The Rafiganj rail disaster was the derailment of a luxury Howrah Rajdhani Express train led by Ghaziabad-based WAP-5 on a bridge over the Dhave River in North-Central India, on 10 September 2002. At least 130 people were killed in the crash, which was attributed in some reports to sabotage by a local Maoist terrorist group, the Naxalites.

== Accident overview ==
The crash occurred at 10:40 p.m., when the Eastern Railway's high-speed, luxury Howrah Rajdhani Express train travelling at a speed of 130 km/h derailed on a 300-foot bridge over the Dhave River near the town of Rafiganj near Gaya. It was led by a Ghaziabad-based WAP-5 locomotive.

== Train details and derailment ==
The train had left Howrah with over 1,000 people on board six hours before, and was heading towards New Delhi. Fifteen of the 18 train cars derailed and fell across the tracks, two of them tumbling into the river beneath. People from other carriages were also thrown into the water by the force of the crash.

== Rescue operations ==
Rescuers, including local military personnel, were hampered by the region's poor roads, which had become muddy due to recent rain. Locals attempted to give what aid they could, and 125 people were pulled to safety by morning, but nothing could be done for those trapped in the carriages that had fallen into the swollen river.

== Casualties ==
The death toll continued to rise in the following weeks. The river was searched for bodies, and several were found near villages downstream. The full death toll is unlikely to ever be known. In all, 130 bodies were recovered, but some sources claim that as many as 50 people are still missing. Some news reports give the figure of those killed as high as 200. At least 150 people were injured.

== Cause ==
The cause of the crash was not immediately clear, but it was originally thought that rust and metal fatigue on the colonial-era bridge contributed to a shift in the structure which cracked the rails, perhaps as a result of the heavy rains in the area. A railway employee said the bridge was known to be in poor state of repair, but as in the Kadalundi River rail disaster thirteen months earlier, nothing was done to repair the structure.

== Investigation and sabotage allegations ==
A later enquiry reported the cause as sabotage, pointing to missing "fish plates" which were intended to anchor the rails to the bridge. These had apparently been removed at some point shortly before the crash. The investigators reported that the plates had probably been removed by Naxalites, who were conducting a low-intensity guerrilla war at the time. The leaders of their organisation, the People's War Group had recently been arrested, and this was described as a being a revenge attack.

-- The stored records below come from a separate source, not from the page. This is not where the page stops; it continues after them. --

(* Let $k,l\in\mathbb{Z}$ with $k\ne l$, and let $i_1,\dots,i_m,j_1,\dots,j_n\in\{1,\dots,r\}$ (with $m,n\ge0$). Then every $R$-bimodule homomorphism (of any degree) $$B_\rho^{\otimes k}\otimes_R B_{i_1}\otimes_R\cdots\otimes_R B_{i_m}\longrightarrow B_\rho^{\otimes l}\otimes_R B_{j_1}\otimes_R\cdots\otimes_R B_{j_n}$$ is zero.
   Context: Fix $r\ge 3$. Let $R=\mathbb{Q}[y,x_1,\dots,x_r]$, graded by $\deg y=\deg x_i=2$. Let $\rho,\sigma_1,\dots,\sigma_r$ be the graded $\mathbb{Q}[y]$-algebra automorphisms of $R$ (all fixing $y$) given by: $\rho(x_i)=x_{i+1}$ for $1\le i\le r-1$ and $\rho(x_r)=x_1-y$ (so $\rho^{-1}(x_1)=x_r+y$ and $\rho^{-1}(x_i)=x_{i-1}$ for $i\ge 2$); for $1\le j\le r-1$, $\sigma_j$ swaps $x_j$ and $x_{j+1}$ and fixes the other $x_i$; $\sigma_r(x_1)=x_r+y$, $\sigma_r(x_r)=x_1-y$, $\sigma_r(x_i)=x_i$ for $2\le i\le r-1$. Let $R^{\sigma_i}\subset R$ be the subring of $\sigma_i$-invariants and $B_i=R\otimes_{R^{\sigma_i}}R$, a graded $R$-bimodule. Indices of $\sigma_i$ and $B_i$ are read modulo $r$ (e.g. $B_{r+1}=B_1$). For $\tau\in\{\rho,\rho^{-1}\}$, $B_\tau$ denotes the graded $R$-bimodule which equals $R$ as a left $R$-module, with right action $m\cdot a=m\,\tau(a)$. For $k\in\mathbb{Z}$, $B_\rho^{\otimes k}$ is the tensor product over $R$ of $|k|$ copies of $B_\rho$ if $k\ge 0$, of $B_{\rho^{-1}}$ if $k<0$ (and $B_\rho^{\otimes 0}=R$). Grading shift: for a graded module $M$, $M\{p\}_i=M_{i-p}$. *)

theory Defs
  imports Complex_Main "HOL-Library.Poly_Mapping"
begin

text \<open>Polynomials with rational coefficients in variables indexed by nat.
  Variable 0 is y, variable i (1 \<le> i \<le> r) is x_i.  The ring R is the
  subset of polynomials only involving variables 0..r.\<close>

type_synonym poly = "(nat \<Rightarrow>\<^sub>0 nat) \<Rightarrow>\<^sub>0 rat"

definition Var :: "nat \<Rightarrow> poly" where
  "Var v = Poly_Mapping.single (Poly_Mapping.single v 1) 1"

definition Const :: "rat \<Rightarrow> poly" where
  "Const q = Poly_Mapping.single 0 q"

definition Rset :: "nat \<Rightarrow> poly set" where
  "Rset r = {p. \<forall>m\<in>Poly_Mapping.keys p. \<forall>v\<in>Poly_Mapping.keys m. v \<le> r}"

definition hom_poly :: "poly \<Rightarrow> nat \<Rightarrow> bool" where
  "hom_poly p d \<longleftrightarrow>
     (\<forall>m\<in>Poly_Mapping.keys p. 2 * (\<Sum>v\<in>Poly_Mapping.keys m. Poly_Mapping.lookup m v) = d)"
lemma alpha_le_T_squared_powr:
  fixes C \<nu> \<nu>2 :: real and alpha T :: "nat \<Rightarrow> real"
  assumes C: "0 < C" and \<nu>: "0 < \<nu>" "\<nu> < 1" and \<nu>2: "0 < \<nu>2" "\<nu>2 < \<nu> / (2 - \<nu>)"
    and alpha_eq: "\<And>t. alpha t = C / (real t + 3) powr \<nu>"
    and T_eq: "\<And>m. T m = C / (real m + 3) powr \<nu>2"
  shows "eventually (\<lambda>m. \<forall>t \<ge> tseq alpha T m. alpha t \<le> 1 / C * (T m)\<^sup>2) sequentially"
proof -
  define F where "F p x = x powr (1 - p) / (1 - p)" for p x :: real
  have "\<nu> / (2 - \<nu>) < 1" using \<nu> by (simp add: divide_less_eq)
  with \<nu>2 have "\<nu>2 < 1" by linarith
  have S_eq: "(\<Sum>t<n. alpha t) = C * (\<Sum>k<n. 1 / (real k + 3) powr \<nu>)" for n
    by (simp add: alpha_eq sum_distrib_left)
  have S_bounds: "C * (F \<nu> (real n + 3) - F \<nu> 3) \<le> (\<Sum>t<n. alpha t)"
      "(\<Sum>t<n. alpha t) \<le> C * (F \<nu> (real n + 2) - F \<nu> 2)" for n
    using sum_inverse_powr_bounds[of \<nu> n] \<nu> C
    by (simp_all add: S_eq F_def mult_left_mono)
  have T_sum: "C * (F \<nu>2 (real m + 3) - F \<nu>2 3) \<le> (\<Sum>k<m. T k)" for m
  proof -
    have "(\<Sum>k<m. T k) = C * (\<Sum>k<m. 1 / (real k + 3) powr \<nu>2)"
      by (simp add: T_eq sum_distrib_left)
    then show ?thesis
      using sum_inverse_powr_bounds(1)[of \<nu>2 m] \<nu>2 \<open>\<nu>2 < 1\<close> C
      by (simp add: F_def mult_left_mono)
  qed
  have "filterlim (\<lambda>n. C * (F \<nu> (real n + 3) - F \<nu> 3)) at_top sequentially"
    unfolding F_def using C \<nu> by real_asymp
  then have diverges: "filterlim (\<lambda>n. \<Sum>t<n. alpha t) at_top sequentially"
    by (rule filterlim_at_top_mono) (use S_bounds(1) in simp)
  define r where "r = 2 * \<nu>2 / \<nu>"
  have "eventually (\<lambda>m. \<forall>t \<ge> tseq alpha T m. (real m + 3) powr r - 2 < real t) sequentially"
  proof (rule eventually_tseq_gt[where H = "\<lambda>x. C * F \<nu> (x + 2)"])
    show "(\<Sum>t<n. alpha t) \<le> C * F \<nu> (real n + 2)" for n
    proof -
      have "0 \<le> C * F \<nu> 2" using C \<nu> by (simp add: F_def)
      then show ?thesis using S_bounds(2)[of n] by (simp add: right_diff_distrib)
    qed
    show "mono_on {0..} (\<lambda>x. C * F \<nu> (x + 2))"
      using C \<nu> by (intro monotone_onI) (auto simp: F_def intro!: divide_right_mono powr_mono2)
    \<comment> \<open>equivalent to \<nu>2 < \<nu> / (2 - \<nu>); it is the only use of that hypothesis\<close>
    have "r * (1 - \<nu>) < 1 - \<nu>2"
      using \<nu> \<nu>2 by (simp add: r_def field_simps)
    then have "eventually (\<lambda>m. F \<nu> ((real m + 3) powr r) < F \<nu>2 (real m + 3) - F \<nu>2 3) sequentially"
      unfolding F_def using \<nu> \<nu>2 \<open>\<nu>2 < 1\<close> by (simp add: powr_powr) real_asymp
    then show "eventually (\<lambda>m. C * F \<nu> ((real m + 3) powr r - 2 + 2) < (\<Sum>k<m. T k)) sequentially"
    proof eventually_elim
      case (elim m)
      then have "C * F \<nu> ((real m + 3) powr r) < C * (F \<nu>2 (real m + 3) - F \<nu>2 3)"
        using C by simp
      with T_sum[of m] show ?case by simp
    qed
  qed (use C diverges in \<open>auto simp: T_eq\<close>)
  then show ?thesis
  proof eventually_elim
    case (elim m)
    show ?case
    proof (intro allI impI)
      fix t assume "tseq alpha T m \<le> t"
      then have "(real m + 3) powr r \<le> real t + 3" using elim by fastforce
      then have "((real m + 3) powr r) powr \<nu> \<le> (real t + 3) powr \<nu>"
        using \<nu> by (intro powr_mono2) auto
      moreover have "((real m + 3) powr r) powr \<nu> = ((real m + 3) powr \<nu>2)\<^sup>2"
        using \<nu> by (simp add: r_def powr_powr power2_eq_square flip: powr_add)
      ultimately have "alpha t \<le> C / ((real m + 3) powr \<nu>2)\<^sup>2"
        using C by (simp add: alpha_eq divide_left_mono)
      also have "\<dots> = 1 / C * (T m)\<^sup>2"
        using C by (simp add: T_eq power2_eq_square field_simps)
      finally show "alpha t \<le> 1 / C * (T m)\<^sup>2" .
    qed
  qed
qed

== Alternative theories ==
Other commentators have questioned this view, some claiming that fish plates were not missing at all, or that they were dislodged during the crash and fell into the river. Others assert that the fish plates may have been missing either through common theft for scrap metal or through the shifting of the weakened bridge shortly before the accident. The Naxalites themselves have not claimed credit for the "attack", and have never been known to target trains before.